→ **Required work**
Where in the data below does the word "moreover" appear? Copy every line that has it.

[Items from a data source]
lemma A_Suc:
  "A (Suc n) = (\<lambda>(m, z). set_row m n z) `
     {(m, z). m \<in> A n \<and> admissible (padded_row m n) (padded_row m (Suc n)) z}"
proof (intro equalityI subsetI)
  fix m' assume "m' \<in> A (Suc n)"
  then have "m'(n := (\<lambda>_. 0)) \<in> A n" "\<forall>j\<ge>2. m' n j = 0"
    and "admissible (padded_row m' n) (padded_row m' (Suc n)) (row m' n)"
    by (simp_all add: A_def valid_array_Suc_iff)
  then show "m' \<in> (\<lambda>(m, z). set_row m n z) `
     {(m, z). m \<in> A n \<and> admissible (padded_row m n) (padded_row m (Suc n)) z}"
    by (intro image_eqI[of _ _ "(m'(n := (\<lambda>_. 0)), row m' n)"]) (simp_all add: set_row_row)
next
  fix m' assume "m' \<in> (\<lambda>(m, z). set_row m n z) `
     {(m, z). m \<in> A n \<and> admissible (padded_row m n) (padded_row m (Suc n)) z}"
  then obtain m z where m': "m' = set_row m n z" and "m \<in> A n"
    and "admissible (padded_row m n) (padded_row m (Suc n)) z"
    by auto
  moreover have "m'(n := (\<lambda>_. 0)) = m"
    using A_last_row_zero[OF \<open>m \<in> A n\<close>] by (auto simp: m' set_row_def)
  moreover have "\<forall>j\<ge>2. m' n j = 0"
    by (simp add: m' set_row_def)
  ultimately show "m' \<in> A (Suc n)"
    by (simp add: A_def valid_array_Suc_iff)
qed

lemma set_row_inject:
  assumes "m1 \<in> A n" "m2 \<in> A n" and eq: "set_row m1 n z1 = set_row m2 n z2"
  shows "m1 = m2 \<and> z1 = z2"
proof
  have "m1 = (set_row m1 n z1)(n := (\<lambda>_. 0))" "m2 = (set_row m2 n z2)(n := (\<lambda>_. 0))"
    using assms(1,2)[THEN A_last_row_zero] by (auto simp: set_row_def)
  then show "m1 = m2"
    using eq by simp
  show "z1 = z2"
    using arg_cong[OF eq, of "\<lambda>m. row m n"] by simp
qed
lemma l1_dist_pairs: "l1_dist n S C = (\<Sum>(i, j)\<in>{1..n} \<times> {1..n}. \<bar>S i j - C i j\<bar>)"
  by (simp add: l1_dist_def sum.cartesian_product)

lemma l1_dist_band_indicator:
  assumes "zero_one_mat n B" "band n d \<subseteq> nonzeros n B"
  shows "l1_dist n (\<lambda>i j. of_bool (\<bar>int i - int j\<bar> \<le> int d)) B = card (nonzeros n B - band n d)"
proof -
  have "l1_dist n (\<lambda>i j. of_bool (\<bar>int i - int j\<bar> \<le> int d)) B
      = (\<Sum>e\<in>{1..n} \<times> {1..n}. of_bool (e \<in> nonzeros n B - band n d))"
    unfolding l1_dist_pairs
  proof (rule sum.cong)
    fix e assume "e \<in> {1..n} \<times> {1..n}"
    with assms show "(case e of (i, j) \<Rightarrow> \<bar>of_bool (\<bar>int i - int j\<bar> \<le> int d) - B i j\<bar>)
        = of_bool (e \<in> nonzeros n B - band n d)"
      by (fastforce simp: zero_one_mat_def nonzeros_def band_def)
  qed simp
  also have "\<dots> = card (nonzeros n B - band n d)"
  proof -
    have "{1..n} \<times> {1..n} \<inter> {e. e \<in> nonzeros n B - band n d} = nonzeros n B - band n d"
      using nonzeros_subset by blast
    then show ?thesis
      by simp
  qed
  finally show ?thesis .
qed

lemma strong_R_ge_corner:
  assumes "strong_R n S" "d + 2 \<le> n" "(i, j) \<in> band n (Suc d)"
  shows "S 1 (d + 2) \<le> S i j"
  using assms unfolding strong_R_def band_def by (auto elim!: ballE[where x = 1] ballE[where x = "d + 2"])

lemma strong_R_le_corner:
  assumes "strong_R n S" "d + 2 \<le> n" "i \<in> {1..n}" "j \<in> {1..n}" "(i, j) \<notin> band n d"
  shows "S i j \<le> S 1 (d + 2)"
  using assms unfolding strong_R_def band_def by (auto elim!: ballE[where x = 1] ballE[where x = "d + 2"])

lemma clamp_unit_le_abs:
  fixes b x :: real
  shows "b \<le> x \<Longrightarrow> max 0 (min 1 b) \<le> \<bar>x\<bar>"
    and "x \<le> b \<Longrightarrow> 1 - max 0 (min 1 b) \<le> \<bar>x - 1\<bar>"
  by auto

lemma l1_dist_strong_R_ge:
  assumes S: "strong_R n S" and C: "zero_one_mat n C"
    and card_C: "card (nonzeros n C) = card (band n d) + s" and "s + d + 1 \<le> n"
  shows "real s \<le> l1_dist n S C"
proof (cases "s = 0")
  case True
  then show ?thesis
    by (simp add: l1_dist_def sum_nonneg)
next
  case False
  then have n: "d + 2 \<le> n"
    using assms(4) by linarith
  define t where "t = max 0 (min 1 (S 1 (d + 2)))"
  define near_zeros where "near_zeros = band n (Suc d) - nonzeros n C"
  define far_ones where "far_ones = nonzeros n C - band n d"
  let ?cost = "\<lambda>(i, j). \<bar>S i j - C i j\<bar>"
  have "card (band n (Suc d)) - card (nonzeros n C) \<le> card near_zeros"
    unfolding near_zeros_def by (rule diff_card_le_card_Diff) simp
  then have card_near_zeros: "s \<le> card near_zeros"
    using card_band_Suc[of d n] card_C n assms(4) by linarith
  have card_far_ones: "s \<le> card far_ones"
    using card_Diff_eq_card_Diff_add[OF _ _ card_C] by (simp add: far_ones_def)
  have "real s \<le> t * card near_zeros + (1 - t) * card far_ones"
  proof -
    have "t * s \<le> t * card near_zeros" "(1 - t) * s \<le> (1 - t) * card far_ones"
      using card_near_zeros card_far_ones by (auto intro!: mult_left_mono simp: t_def)
    then show ?thesis
      by (simp add: algebra_simps)
  qed
  also have "t * card near_zeros \<le> sum ?cost near_zeros"
  proof -
    have "t \<le> ?cost e" if "e \<in> near_zeros" for e
    proof -
      obtain i j where e: "e = (i, j)"
        by force
      have near: "(i, j) \<in> band n (Suc d)" and "C i j = 0"
        using that by (auto simp: e near_zeros_def nonzeros_def band_def)
      then show ?thesis
        using strong_R_ge_corner[OF S n near] clamp_unit_le_abs(1) by (simp add: e t_def)
    qed
    then show ?thesis
      using sum_bounded_below[of near_zeros t ?cost] by (simp add: mult.commute)
  qed
  also have "(1 - t) * card far_ones \<le> sum ?cost far_ones"
  proof -
    have "1 - t \<le> ?cost e" if "e \<in> far_ones" for e
    proof -
      obtain i j where e: "e = (i, j)"
        by force
      have ij: "i \<in> {1..n}" "j \<in> {1..n}" and far: "(i, j) \<notin> band n d" and "C i j \<noteq> 0"
        using that by (auto simp: e far_ones_def nonzeros_def)
      then have "C i j = 1"
        using C unfolding zero_one_mat_def by blast
      then show ?thesis
        using strong_R_le_corner[OF S n ij far] clamp_unit_le_abs(2) by (simp add: e t_def)
    qed
    then show ?thesis
      using sum_bounded_below[of far_ones "1 - t" ?cost] by (simp add: mult.commute)
  qed
  also have "sum ?cost near_zeros + sum ?cost far_ones = sum ?cost (near_zeros \<union> far_ones)"
    by (rule sum.union_disjoint[symmetric]) (auto simp: near_zeros_def far_ones_def)
  also have "\<dots> \<le> sum ?cost ({1..n} \<times> {1..n})"
  proof (rule sum_mono2)
    show "near_zeros \<union> far_ones \<subseteq> {1..n} \<times> {1..n}"
      using band_subset[of n "Suc d"] nonzeros_subset[of n C]
      unfolding near_zeros_def far_ones_def by blast
  qed auto
  finally show ?thesis
    by (simp add: l1_dist_pairs)
qed

definition trunc_sq_dist :: "real \<Rightarrow> nat \<times> nat \<Rightarrow> real" where
  "trunc_sq_dist lam = (\<lambda>(i, j). min lam ((real i - real j)^2))"

lemma r2sum_eq_sum_image:
  assumes y: "inj_on y {1..n}" and A: "zero_one_mat n A"
  shows "r2sum n lam A y = sum (trunc_sq_dist lam) (map_prod y y ` nonzeros n A)"
proof -
  let ?h = "\<lambda>e. trunc_sq_dist lam (map_prod y y e)"
  have "r2sum n lam A y = (\<Sum>(i, j)\<in>{1..n} \<times> {1..n}. A i j * ?h (i, j))"
    by (simp add: r2sum_def trunc_sq_dist_def sum.cartesian_product)
  also have "\<dots> = (\<Sum>(i, j)\<in>nonzeros n A. A i j * ?h (i, j))"
    by (rule sum.mono_neutral_right) (auto simp: nonzeros_def)
  also have "\<dots> = sum ?h (nonzeros n A)"
  proof (rule sum.cong)
    fix e assume "e \<in> nonzeros n A"
    moreover obtain i j where "e = (i, j)"
      by force
    ultimately have "A i j = 1" and e: "e = (i, j)"
      using A unfolding nonzeros_def zero_one_mat_def by blast+
    then show "(case e of (i, j) \<Rightarrow> A i j * ?h (i, j)) = ?h e"
      by simp
  qed simp
  also have "\<dots> = sum (trunc_sq_dist lam) (map_prod y y ` nonzeros n A)"
    by (simp add: sum.reindex[OF inj_on_map_prod_square[OF y]] comp_def)
  finally show ?thesis .
qed

lemma sum_trunc_sq_dist_off_band:
  assumes "I \<subseteq> {1..n} \<times> {1..n}"
  shows "sum (trunc_sq_dist (real (d^2))) (I - band n d) = real (card (I - band n d)) * real (d^2)"
proof -
  have "trunc_sq_dist (real (d^2)) (i, j) = real (d^2)" if "(i, j) \<in> I - band n d" for i j
  proof -
    have "real d \<le> \<bar>real i - real j\<bar>"
      using that assms by (auto simp: band_def)
    then have "real d ^ 2 \<le> (real i - real j)^2"
      by (metis abs_of_nat power2_abs power_mono of_nat_0_le_iff)
    then show ?thesis
      by (simp add: trunc_sq_dist_def)
  qed
  then show ?thesis
    by (simp add: split_paired_all)
qed

lemma sum_trunc_sq_dist_band_le:
  assumes I: "I \<subseteq> {1..n} \<times> {1..n}" and card_I: "card I = card (band n d) + s"
  shows "sum (trunc_sq_dist (real (d^2))) (band n d) + real (d^2) * s
           \<le> sum (trunc_sq_dist (real (d^2))) I"
proof -
  let ?h = "trunc_sq_dist (real (d^2))" and ?B = "band n d"
  have fin: "finite I"
    using I by (rule finite_subset) simp
  have card_diff: "card (I - ?B) = card (?B - I) + s"
    using card_Diff_eq_card_Diff_add[OF fin _ card_I] by simp
  have "sum ?h ?B + real (d^2) * s = sum ?h (?B \<inter> I) + sum ?h (?B - I) + real (d^2) * s"
    by (simp add: sum.Int_Diff)
  also have "\<dots> \<le> sum ?h (?B \<inter> I) + real (card (?B - I)) * real (d^2) + real (d^2) * s"
    using sum_bounded_above[of "?B - I" ?h "real (d^2)"] by (simp add: trunc_sq_dist_def split_beta)
  also have "\<dots> = sum ?h (?B \<inter> I) + sum ?h (I - ?B)"
    using sum_trunc_sq_dist_off_band[OF I] card_diff by (simp add: algebra_simps)
  also have "\<dots> = sum ?h I"
    using sum.Int_Diff[OF fin, of ?h ?B] by (simp add: Int_commute)
  finally show ?thesis .
qed

lemma sum_trunc_sq_dist_band_eq:
  assumes I: "I \<subseteq> {1..n} \<times> {1..n}" and card_I: "card I = card (band n d) + s"
    and band: "band n d \<subseteq> I"
  shows "sum (trunc_sq_dist (real (d^2))) I = sum (trunc_sq_dist (real (d^2))) (band n d) + real (d^2) * s"
proof -
  let ?h = "trunc_sq_dist (real (d^2))" and ?B = "band n d"
  have fin: "finite I"
    using I by (rule finite_subset) simp
  have "card (I - ?B) = s"
    using card_Diff_subset[OF _ band] card_I by simp
  then show ?thesis
    using sum.subset_diff[OF band fin, of ?h] sum_trunc_sq_dist_off_band[OF I] by (simp add: algebra_simps)
qed

lemma robust_seriation_optimal:
  assumes \<pi>: "\<pi> permutes {1..n}" and B: "perm_conj \<pi> A \<in> M_set n d s" and n: "s + d + 1 \<le> n"
  shows "\<exists>S. strong_R n S \<and>
           (\<forall>\<pi>' S'. \<pi>' permutes {1..n} \<and> strong_R n S' \<longrightarrow>
              l1_dist n S (perm_conj \<pi> A) \<le> l1_dist n S' (perm_conj \<pi>' A))"
proof (intro exI conjI allI impI)
  let ?S = "\<lambda>i j. of_bool (\<bar>int i - int j\<bar> \<le> int d) :: real"
  have B_facts: "zero_one_mat n (perm_conj \<pi> A)" "band n d \<subseteq> nonzeros n (perm_conj \<pi> A)"
    "card (nonzeros n (perm_conj \<pi> A)) = card (band n d) + s"
    using M_setD[OF B] n by simp_all
  show "strong_R n ?S"
    by (rule strong_R_band_indicator)
  have "l1_dist n ?S (perm_conj \<pi> A) = real s"
    using l1_dist_band_indicator[OF B_facts(1,2)] card_Diff_subset[OF _ B_facts(2)] B_facts(3)
    by simp
  moreover fix \<pi>' S' assume "\<pi>' permutes {1..n} \<and> strong_R n S'"
  then have \<sigma>: "inv \<pi> \<circ> \<pi>' permutes {1..n}" and S': "strong_R n S'"
    using permutes_compose permutes_inv[OF \<pi>] by blast+
  have "perm_conj \<pi>' A = perm_conj (inv \<pi> \<circ> \<pi>') (perm_conj \<pi> A)"
    by (simp add: perm_conj_perm_conj o_assoc permutes_inv_o[OF \<pi>])
  then have "real s \<le> l1_dist n S' (perm_conj \<pi>' A)"
    using l1_dist_strong_R_ge[OF S' zero_one_mat_perm_conj[OF \<sigma> B_facts(1)] _ n]
      card_nonzeros_perm_conj[OF \<sigma>] B_facts(3) by simp
  ultimately show "l1_dist n ?S (perm_conj \<pi> A) \<le> l1_dist n S' (perm_conj \<pi>' A)"
    by simp
qed

lemma r2sum_optimal:
  assumes \<pi>: "\<pi> permutes {1..n}" and B: "perm_conj \<pi> A \<in> M_set n d s" and "d \<le> n"
    and x: "\<forall>k\<in>{1..n}. x (\<pi> k) = k" and y: "bij_betw y {1..n} {1..n}"
  shows "r2sum n (real (d^2)) A x \<le> r2sum n (real (d^2)) A y"
proof -
  let ?h = "trunc_sq_dist (real (d^2))"
  note B_facts = M_setD[OF B \<open>d \<le> n\<close>]
  have \<pi>': "inv \<pi> permutes {1..n}"
    using permutes_inv[OF \<pi>] .
  have A_eq: "A = perm_conj (inv \<pi>) (perm_conj \<pi> A)"
    by (rule perm_conj_inv_perm_conj[OF \<pi>, symmetric])
  have A: "zero_one_mat n A"
    using zero_one_mat_perm_conj[OF \<pi>' B_facts(1)] A_eq by simp
  have card_A: "card (nonzeros n A) = card (band n d) + s"
    using card_nonzeros_perm_conj[OF \<pi>, of A] B_facts(3) by simp
  have x_inv: "x i = inv \<pi> i" if "i \<in> {1..n}" for i
    using x permutes_in_image[OF \<pi>'] that by (metis permutes_inverses(1)[OF \<pi>])
  have inj_x: "inj_on x {1..n}"
    using permutes_inj_on[OF \<pi>'] x_inv inj_on_cong by blast
  have "map_prod x x ` nonzeros n A = map_prod (inv \<pi>) (inv \<pi>) ` nonzeros n A"
    using x_inv by (intro image_cong) (auto simp: nonzeros_def)
  also have "\<dots> = nonzeros n (perm_conj \<pi> A)"
    using nonzeros_perm_conj[OF \<pi>', of "perm_conj \<pi> A"] A_eq by simp
  finally have "r2sum n (real (d^2)) A x = sum ?h (nonzeros n (perm_conj \<pi> A))"
    using r2sum_eq_sum_image[OF inj_x A] by simp
  also have "\<dots> = sum ?h (band n d) + real (d^2) * s"
    using sum_trunc_sq_dist_band_eq[OF nonzeros_subset B_facts(3,2)] .
  also have "\<dots> \<le> sum ?h (map_prod y y ` nonzeros n A)"
  proof (rule sum_trunc_sq_dist_band_le)
    show "map_prod y y ` nonzeros n A \<subseteq> {1..n} \<times> {1..n}"
      using nonzeros_subset bij_betw_imp_surj_on[OF y] by fastforce
    show "card (map_prod y y ` nonzeros n A) = card (band n d) + s"
      using card_image[OF inj_on_map_prod_square[OF bij_betw_imp_inj_on[OF y]]] card_A by simp
  qed
  also have "\<dots> = r2sum n (real (d^2)) A y"
    using r2sum_eq_sum_image[OF bij_betw_imp_inj_on[OF y] A] by simp
  finally show ?thesis .
qed

theorem proposition1:
  fixes n \<delta> s :: nat and A :: "nat \<Rightarrow> nat \<Rightarrow> real" and \<pi> :: "nat \<Rightarrow> nat"
  assumes "n \<ge> 1"
    and "int s \<le> int n - int \<delta> - 1"
    and "symmetric_mat n A"
    and "\<pi> permutes {1..n}"
    and "perm_conj \<pi> A \<in> M_set n \<delta> s"
  shows "(\<exists>S. strong_R n S \<and>
            (\<forall>\<pi>' S'. \<pi>' permutes {1..n} \<and> strong_R n S' \<longrightarrow>
               l1_dist n S (perm_conj \<pi> A) \<le> l1_dist n S' (perm_conj \<pi>' A)))
       \<and> (\<forall>x. (\<forall>k\<in>{1..n}. x (\<pi> k) = k) \<longrightarrow>
            (\<forall>y. bij_betw y {1..n} {1..n} \<longrightarrow>
               r2sum n (real (\<delta>^2)) A x \<le> r2sum n (real (\<delta>^2)) A y))"
proof -
  have n: "s + \<delta> + 1 \<le> n"
    using assms(2) by linarith
  then show ?thesis
    using robust_seriation_optimal[OF assms(4,5) n] r2sum_optimal[OF assms(4,5)] by simp
qed

end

→ **Output of the task**
  moreover have "m'(n := (\<lambda>_. 0)) = m"
  moreover have "\<forall>j\<ge>2. m' n j = 0"
    moreover obtain i j where "e = (i, j)"
  moreover fix \<pi>' S' assume "\<pi>' permutes {1..n} \<and> strong_R n S'"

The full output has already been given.